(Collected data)
****************
lemma peel_levels_le_log:
  fixes eps :: real and n :: nat
  assumes "0 < eps" "2 \<le> n"
  shows "real (nat \<lceil>log ((2 + eps) / 2) n\<rceil> + 1) \<le> peel_const eps * log 2 n"
proof -
  define L where "L = 1 / log 2 ((2 + eps) / 2)"
  have "0 < L" using assms(1) unfolding L_def by simp
  have "real (nat \<lceil>log ((2 + eps) / 2) n\<rceil> + 1) \<le> (L + 1 + 1) * log 2 n"
    using nat_ceiling_log_le_log2[of "(2 + eps) / 2" n 1] assms unfolding L_def by simp
  also have "\<dots> \<le> 2 * (L + 5) * log 2 n"
    using \<open>0 < L\<close> assms(2) by (intro mult_right_mono) auto
  finally show ?thesis unfolding peel_const_def L_def .
qed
****************
-- ASSIGNED TASK --
What lines above contain the word "have"? Please copy each one.

-- OUTPUT OF THE EXERCISE --
  have "0 < L" using assms(1) unfolding L_def by simp
  have "real (nat \<lceil>log ((2 + eps) / 2) n\<rceil> + 1) \<le> (L + 1 + 1) * log 2 n"
  also have "\<dots> \<le> 2 * (L + 5) * log 2 n"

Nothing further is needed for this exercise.